Another limitation of acid treatments is the corrosion of the pumping equipment and well tubing and casing caused by contact with the acid (made worse by the use of concentrated solutions of mineral acids). To solve the corrosion problem, conventional acid treatments often add a corrosion inhibitor to the fluid. However, corrosion inhibitors can significantly increase the cost of acidizing treatments.
Another problem with acid treatments is iron precipitation, especially in sour wells (i.e., wells in which the hydrocarbon has a relatively high sulfur content) or carbonate formations. There is a tendency for iron sulfide scale to form in boreholes and/or formations, especially in sour wells. The acid used to treat the well can dissolve the iron sulfide, but in the process hydrogen sulfide is generated, which is toxic and stimulates corrosion. In addition, the dissolved iron tends to precipitate, in the form of ferric hydroxide or ferric sulfide, as the acid in the treatment fluid becomes spent and the pH of the fluid increases. Precipitation of iron is highly undesirable because of damage to the permeability of the formation. Therefore, acid treatment fluids often contain additives to minimize iron precipitation and evolution of hydrogen sulfide, for example, by sequestering the iron ions in solution using chelating agents such as ethylenediaminetetraacetic acid (EDTA).

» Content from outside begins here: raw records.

lemma bij_betw_to_bidisc: "bij_betw to_bidisc H2D_l2Z H2D2"
proof (rule bij_betw_byWitness[where f' = "\<lambda>b. curry (b \<circ> inv bidisc_index)"])
  have right: "bidisc_index \<circ> inv bidisc_index = id" and left: "inv bidisc_index \<circ> bidisc_index = id"
    using bij_bidisc_index by (simp_all add: bij_is_surj bij_is_inj flip: surj_iff inj_iff)
  show "\<forall>a\<in>H2D_l2Z. curry (to_bidisc a \<circ> inv bidisc_index) = a"
    by (simp add: to_bidisc_def comp_assoc right)
  show "\<forall>b\<in>H2D2. to_bidisc (curry (b \<circ> inv bidisc_index)) = b"
    by (simp add: to_bidisc_def comp_assoc left)
  show "to_bidisc ` H2D_l2Z \<subseteq> H2D2"
    using to_bidisc_in_H2D2_iff by auto
  show "(\<lambda>b. curry (b \<circ> inv bidisc_index)) ` H2D2 \<subseteq> H2D_l2Z"
  proof (rule image_subsetI)
    fix b
    assume "b \<in> H2D2"
    moreover have "to_bidisc (curry (b \<circ> inv bidisc_index)) = b"
      by (simp add: to_bidisc_def comp_assoc left)
    ultimately show "curry (b \<circ> inv bidisc_index) \<in> H2D_l2Z"
      using to_bidisc_in_H2D2_iff by metis
  qed
qed

lemma H2D2_norm_to_bidisc: "a \<in> H2D_l2Z \<Longrightarrow> H2D2_norm (to_bidisc a) = H2D_norm a"
  using infsum_reindex_bij_betw[OF bij_bidisc_index, of "\<lambda>i. (cmod (case_prod a i))\<^sup>2"]
  by (simp add: H2D2_norm_def H2D_norm_eq to_bidisc_def)
(* A commutative Bezout domain $R$ is a commutative elementary divisor domain if and only if for all $a_1,a_2,b_1,b_2\in R$ with $(a_1,a_2)=(b_1,b_2)=1$ there exists $r\in R$ such that $b_1+rb_2=\alpha\beta$ for some $\alpha,\beta\in R$ with $(\alpha,\beta)=(a_1,\alpha)=(a_2,\beta)=1$.
   Context: A commutative Bezout domain is a commutative integral domain with $1\ne0$ in which every finitely generated ideal is principal; $(\cdot,\cdot)$ denotes a greatest common divisor. $R$ is an elementary divisor ring if every matrix $A$ over $R$ admits invertible $P,Q$ with $PAQ$ a diagonal matrix $\mathrm{diag}(d_1,\dots,d_r,0,\dots,0)$ with $d_i\mid d_{i+1}$. *)

theory Defs
  imports Main "Jordan_Normal_Form.Matrix"
begin

definition fin_gen_ideal :: "'a::comm_ring_1 set \<Rightarrow> 'a set" where
  "fin_gen_ideal S = {\<Sum>s\<in>S. c s * s | c. True}"

text \<open>Commutative Bezout domain: integral domain (1 \<noteq> 0 built into idom) in which every
  finitely generated ideal is principal.\<close>
definition bezout_domain :: "'a::idom itself \<Rightarrow> bool" where
  "bezout_domain _ \<longleftrightarrow>
     (\<forall>S::'a set. finite S \<longrightarrow> (\<exists>d. fin_gen_ideal S = {d * x | x. True}))"

definition gcd_one :: "'a::comm_ring_1 \<Rightarrow> 'a \<Rightarrow> bool" where
  "gcd_one a b \<longleftrightarrow> (\<forall>c. c dvd a \<longrightarrow> c dvd b \<longrightarrow> c dvd 1)"
(* For all $0<x<\pi/2$, \[ \frac{\pi^2+\frac{\pi^2-12}{3}x^2+\frac{384-4\pi^4}{3\pi^4}x^4}{\pi^2-4x^2}<\frac{\tan x}{x}<\frac{\pi^2+\frac{72-8\pi^2}{\pi^2}x^2+\frac{16\pi^2-160}{\pi^4}x^4}{\pi^2-4x^2}. \] *)

theory Defs
  imports Complex_Main
begin

end

theory Submission
  imports Defs "HOL-Analysis.Gamma_Function"
begin

text \<open>
  The reflection formula for the digamma function gives the partial fraction expansion
  \<open>tan x / x = (\<Sum>k. 8 / ((2k+1)\<^sup>2\<pi>\<^sup>2 - 4x\<^sup>2))\<close>.  In the variable \<open>u = 4x\<^sup>2/\<pi>\<^sup>2 \<in> (0,1)\<close>
  this reads \<open>\<pi>\<^sup>2 tan x / (8x) = 1/(1-u) + (\<Sum>k. 1/(M\<^sub>k - u))\<close> with \<open>M\<^sub>k = (2k+3)\<^sup>2 > 1\<close>.
  Each term \<open>1/(M - u)\<close> is convex in \<open>u\<close>, so it lies strictly above its tangent at \<open>u = 0\<close> and
  strictly below its chord over \<open>[0,1]\<close>.  Summing these linear bounds with
  \<open>\<Sum> 1/(2k+1)\<^sup>2 = \<pi>\<^sup>2/8\<close>, \<open>\<Sum> 1/(2k+1)\<^sup>4 = \<pi>\<^sup>4/96\<close> and \<open>\<Sum> 1/((2k+3)\<^sup>2 - 1) = 1/4\<close> gives both
  bounds.  The first two sums are polygamma values at \<open>1/2\<close>, obtained by
  differentiating \<open>\<psi>(1/2 + t) - \<psi>(1/2 - t) = \<pi> tan (\<pi>t)\<close> at \<open>t = 0\<close>.
\<close>

lemma sums_less:
  fixes f g :: "nat \<Rightarrow> real"
  assumes "f sums a" "g sums b" "\<And>n. f n < g n"
  shows "a < b"
proof -
  have "(\<lambda>n. g n - f n) sums (b - a)"
    using assms(1,2) by (rule sums_diff[rotated])
  moreover have "0 < (\<Sum>n. g n - f n)"
    using calculation assms(3) by (intro suminf_pos) (auto dest: sums_summable)
  ultimately show ?thesis
    by (simp add: sums_iff)
qed
definition Mmat :: "complex \<Rightarrow> complex \<Rightarrow> nat \<Rightarrow> (nat \<Rightarrow> int) \<Rightarrow> (nat \<Rightarrow> int)
    \<Rightarrow> (nat \<Rightarrow> nat) \<Rightarrow> (nat \<Rightarrow> nat) \<Rightarrow> complex mat" where
  "Mmat t1 t2 n r c E G = mat n n (\<lambda>(i, j). Iint t1 t2 (c j + r i) (E j) (G j))"

definition entryDeg :: "(nat \<Rightarrow> int) \<Rightarrow> (nat \<Rightarrow> int) \<Rightarrow> (nat \<Rightarrow> nat) \<Rightarrow> (nat \<Rightarrow> nat) \<Rightarrow> nat \<Rightarrow> nat \<Rightarrow> int" where
  "entryDeg r c E G i j = c j + r i - int (E j) - int (G j)"

definition colDeg :: "nat \<Rightarrow> (nat \<Rightarrow> int) \<Rightarrow> (nat \<Rightarrow> int) \<Rightarrow> (nat \<Rightarrow> nat) \<Rightarrow> (nat \<Rightarrow> nat) \<Rightarrow> nat \<Rightarrow> int" where
  "colDeg n r c E G j = Max ((\<lambda>i. entryDeg r c E G i j) ` {0..<n})"

definition totDeg :: "nat \<Rightarrow> (nat \<Rightarrow> int) \<Rightarrow> (nat \<Rightarrow> int) \<Rightarrow> (nat \<Rightarrow> nat) \<Rightarrow> (nat \<Rightarrow> nat) \<Rightarrow> int" where
  "totDeg n r c E G = (\<Sum>j<n. colDeg n r c E G j)"

end

theory Submission
  imports Defs
begin

text \<open>A nonzero determinant yields a permutation p with M(i, p i) \<noteq> 0 for every row i.
  An entry I(r, E, G) vanishes as soon as r - E - G \<le> -2: the integrand is holomorphic outside
  the unit disc and of order |u|^(-2) at infinity, so the contour can be pushed to infinity.
  Hence d(i, p i) \<ge> -1. Rows with equal r i coincide, so the r i are distinct. If row i0 has
  the largest r, then D(p i) \<ge> d(i0, p i) = d(i, p i) + t i \<ge> t i - 1 for the shifts
  t i = r i0 - r i, which are 2K distinct natural numbers. Their sum is at least
  0 + 1 + \<dots> + (2K - 1), so D(M) \<ge> K(2K - 1) - 2K, and equality forces the shifts to be exactly
  0, \<dots>, 2K - 1 and D(p i) = t i - 1.\<close>

lemma closed_segment_circlepath_subset:
  fixes \<rho> a b t :: real
  assumes "\<rho> < a" "\<rho> < b"
  shows "closed_segment (circlepath z a t) (circlepath z b t) \<subseteq> - cball z \<rho>"
proof
  fix x assume "x \<in> closed_segment (circlepath z a t) (circlepath z b t)"
  then obtain s where s: "0 \<le> s" "s \<le> 1"
    and x: "x = (1 - s) *\<^sub>R circlepath z a t + s *\<^sub>R circlepath z b t"
    unfolding closed_segment_def by auto
  define e where "e = exp (2 * of_real pi * \<i> * of_real t)"
  have "norm e = 1"
    unfolding e_def norm_exp_eq_Re by simp
  define w where "w = (1 - s) * a + s * b"
  have "x - z = of_real w * e"
    unfolding x circlepath e_def w_def by (simp add: scaleR_conv_of_real algebra_simps)
  with \<open>norm e = 1\<close> have "dist z x = \<bar>w\<bar>"
    by (simp add: dist_norm norm_minus_commute norm_mult)
  moreover have "\<rho> < w" unfolding w_def
    using convex_bound_lt[of "-a" "-\<rho>" "-b" "1 - s" s] assms s by auto
  ultimately show "x \<in> - cball z \<rho>" by simp
qed

lemma contour_integral_circlepath_eq:
  assumes "f holomorphic_on - cball z \<rho>" "\<rho> < a" "\<rho> < b"
  shows "contour_integral (circlepath z a) f = contour_integral (circlepath z b) f"
  by (rule Cauchy_theorem_homotopic_loops[OF homotopic_loops_linear])
     (use assms closed_segment_circlepath_subset in auto)

lemma contour_integral_circlepath_eq_0_of_decay:
  assumes hol: "f holomorphic_on - cball z \<rho>" and a: "\<rho> < a"
    and decay: "\<And>u. R\<^sub>0 \<le> norm (u - z) \<Longrightarrow> norm (f u) \<le> B / norm (u - z) ^ 2"
  shows "contour_integral (circlepath z a) f = 0"
proof -
  define I where "I = contour_integral (circlepath z a) f"
  have bound: "norm I \<le> 2 * pi * B / R" if R: "max R\<^sub>0 (max \<rho> 0) < R" for R
  proof -
    have "path_image (circlepath z R) \<subseteq> - cball z \<rho>" using R by auto
    then have "f contour_integrable_on circlepath z R"
      by (intro contour_integrable_continuous_circlepath
          continuous_on_subset[OF holomorphic_on_imp_continuous_on[OF hol]])
    then have "(f has_contour_integral I) (circlepath z R)"
      using contour_integral_circlepath_eq[OF hol a, of R] R
      unfolding I_def by (simp add: has_contour_integral_integral)
    moreover have "norm (f (z + of_real R)) \<le> B / R ^ 2"
      using decay[of "z + of_real R"] R by simp
    then have "0 \<le> B / R ^ 2" using norm_ge_zero order_trans by blast
    ultimately have "norm I \<le> B / R ^ 2 * (2 * pi * R)"
      using R decay by (intro has_contour_integral_bound_circlepath) auto
    also have "\<dots> = 2 * pi * B / R" using R by (simp add: power2_eq_square)
    finally show ?thesis .
  qed
  have "((\<lambda>R. 2 * pi * B / R) \<longlongrightarrow> 0) at_top"
    by (intro tendsto_divide_0[OF tendsto_const] filterlim_mono[OF filterlim_ident at_top_le_at_infinity order_refl])
  moreover have "eventually (\<lambda>R. norm I \<le> 2 * pi * B / R) at_top"
    using eventually_gt_at_top[of "max R\<^sub>0 (max \<rho> 0)"] by (rule eventually_mono) (rule bound)
  ultimately have "norm I \<le> 0"
    using tendsto_le[OF trivial_limit_at_top_linorder _ tendsto_const] by blast
  then show ?thesis unfolding I_def by simp
qed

U.S. Pat. No. 4,888,121 discloses an acidizing composition that includes an acid such as HCl; an iron sequestering agent such as citric acid, EDTA, or nitrilotriacetic acid (NTA); and a sulfide modifier such as formaldehyde. This composition is stated to inhibit precipitation of ferric hydroxide, ferrous sulfide, and free sulfur during the well acidizing treatment. Although the treatment fluid described in that patent can help control iron precipitation, in some situations effective control requires the use of so much material that the treatment cost becomes excessive; this is especially true for treatment fluids comprising EDTA, which has relatively low solubility in acid (e.g., pH≦4).
Another limitation of known acid treatments is their susceptibility to the temperature of the subterranean formation. The effects of high formation temperatures, for instance, vary widely according to the details of the particular fluid treatment. In some acid treatments, the high temperature has a tendency to accelerate corrosion of metal in the wellbore. In other fluids, the intended viscosity changes to do not occur such that the acid does not serve the intended purpose of propping and/or diverting.